The chemical called Isoxaben is supposed to be best for pre-emergent care of chamberbitter. My centipede lawn is infested with it as well, and it has been very difficult to totally get rid of. There are a couple of products that I've been able to find that contain Isoxaben.

1) Bayer Advanced Season Long Weed Control -- hose end sprayer which contains pre (Isoxaben) and post emergent. The post emergent doesn't kill chamberbitter, I tried.

2) Isoxaben liquid -- on domyown website, but expensive

3) Fertilome Broadleaf Weed Control w/ Gallery. Gallery contains isoxaben, but it looks like they only carry small bags.

I've read that it's best to apply Isoxaben in April and also in June to help prevent chamberbitter. I'm going to try this next year. Keep me posted on anything you find for this.

Has anyone found anything besides Surge that is effective on chamberbitter post-em? Surge is quite expensive. Ortho Weed B Gon really injures chamberbitter but it's back at it after a few days. I guess multiple apps probably weekly for 3 weeks will knock it out. I'm going to try this.


----------



## Grathman (Sep 11, 2018)

Good info. Will look for those products,

Does the Surge kill the grass or just the

Isoboxane as preemergent in Oct once the temp cooled? I want to be proactive and get a jump on this stuff for next summer..


----------



## Gregau33 (Apr 15, 2018)

Grathman said:


> Good info. Will look for those products,
> 
> Does the Surge kill the grass or just the
> 
> Isoboxane as preemergent in Oct once the temp cooled? I want to be proactive and get a jump on this stuff for next summer..

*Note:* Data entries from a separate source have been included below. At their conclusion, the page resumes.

lemma step_fun_deviation_integral_ge:
  fixes c M l r :: real
  assumes "finite S" "S \<subseteq> {l<..<r}" "l \<le> r"
  shows "(\<lambda>x. (step_fun c S J x - M*x)^2) integrable_on {l..r} \<and>
         M^2*(r - l)^3/(12*(real (card S) + 1)^2)
           \<le> integral {l..r} (\<lambda>x. (step_fun c S J x - M*x)^2)"
  using assms
proof (induction S arbitrary: r rule: finite_linorder_max_induct)
  case empty
  have "((\<lambda>x. (step_fun c {} J x - M*x)^2) has_integral
           (M^2*(r - l)^3/12 + (r - l)*(c - M*(l + r)/2)^2)) {l..r}"
    using has_integral_sq_affine_deviation[OF empty.prems(2)] by (simp add: step_fun_def)
  moreover have "0 \<le> (r - l)*(c - M*(l + r)/2)^2"
    using empty.prems by simp
  ultimately show ?case
    by (auto simp: integral_unique has_integral_integrable)
next
  case (insert b S)
  let ?f = "\<lambda>S x. (step_fun c S J x - M*x)^2"
  have "b \<notin> S" "l < b" "b < r" "S \<subseteq> {l<..<b}"
    using insert by auto
  then have IH: "?f S integrable_on {l..b}"
      "M^2*(b - l)^3/(12*(real (card S) + 1)^2) \<le> integral {l..b} (?f S)"
    using insert.IH by auto
  have left: "(?f (insert b S) has_integral integral {l..b} (?f S)) {l..b}"
  proof (rule has_integral_spike_finite[of "{b}"])
    show "(?f S has_integral integral {l..b} (?f S)) {l..b}"
      using IH(1) by (rule integrable_integral)
  qed (use \<open>b \<notin> S\<close> insert.hyps in \<open>auto simp: step_fun_insert\<close>)
  define d where "d = c + sum J (insert b S)"
  have "\<forall>s\<in>insert b S. s \<le> x" if "b \<le> x" for x
    using that insert.hyps by force
  then have right_eq: "?f (insert b S) x = (d - M*x)^2" if "b \<le> x" for x
    using that by (simp add: d_def step_fun_right_of_jumps)
  have right: "(?f (insert b S) has_integral
                 (M^2*(r - b)^3/12 + (r - b)*(d - M*(b + r)/2)^2)) {b..r}"
  proof (rule has_integral_eq[OF _ has_integral_sq_affine_deviation])
    show "(d - M*x)^2 = ?f (insert b S) x" if "x \<in> {b..r}" for x
      using that right_eq by simp
  qed (use \<open>b < r\<close> in simp)
  have whole: "(?f (insert b S) has_integral
      (integral {l..b} (?f S) + (M^2*(r - b)^3/12 + (r - b)*(d - M*(b + r)/2)^2))) {l..r}"
    using has_integral_combine[OF _ _ left right] \<open>l < b\<close> \<open>b < r\<close> by simp
  have "M^2*(r - l)^3/(12*(real (card (insert b S)) + 1)^2)
      = M^2/12 * (((b - l) + (r - b))^3/((real (card S) + 1) + 1)^2)"
    using insert.hyps \<open>b \<notin> S\<close> by simp
  also have "\<dots> \<le> M^2/12 * ((b - l)^3/(real (card S) + 1)^2 + (r - b)^3)"
    using \<open>l < b\<close> \<open>b < r\<close> by (intro mult_left_mono cube_sum_div_sq_le) auto
  also have "\<dots> = M^2*(b - l)^3/(12*(real (card S) + 1)^2) + M^2*(r - b)^3/12"
    by (simp add: algebra_simps)
  also have "\<dots> \<le> integral {l..b} (?f S) + (M^2*(r - b)^3/12 + (r - b)*(d - M*(b + r)/2)^2)"
    using IH(2) \<open>b < r\<close> zero_le_power2[of "d - M*(b + r)/2"] by (simp add: add_increasing2)
  finally show ?case
    using whole by (auto simp: integral_unique has_integral_integrable)
qed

Isoxaben will do nothing to chamberbitter in October. It will help prevent the other weeds stated on the label, but your pre emergent would have worn off a long time before the chamberbitter starts to grow (late summer). I would suggest an early June application of Isoxaben if you are targeting chamberbitter in particular. Prodiamine is a much cheaper pre emergent for your fall/winter and spring weeds.


----------



## lambert (Sep 12, 2018)

bmw said:


> Has anyone found anything besides Surge that is effective on chamberbitter post-em? Surge is quite expensive. Ortho Weed B Gon really injures chamberbitter but it's back at it after a few days. I guess multiple apps probably weekly for 3 weeks will knock it out. I'm going to try this.


Celsius is labeled for chamberbitter.


----------



## tcorbitt20 (Aug 31, 2018)

I think everybody covered it, but I did come across this.

https://www.al.com/living/index.ssf/2013/10/chamberbitter_is_a_tough_weed.html


----------



## Grathman (Sep 11, 2018)

Good information.

Thanks!


----------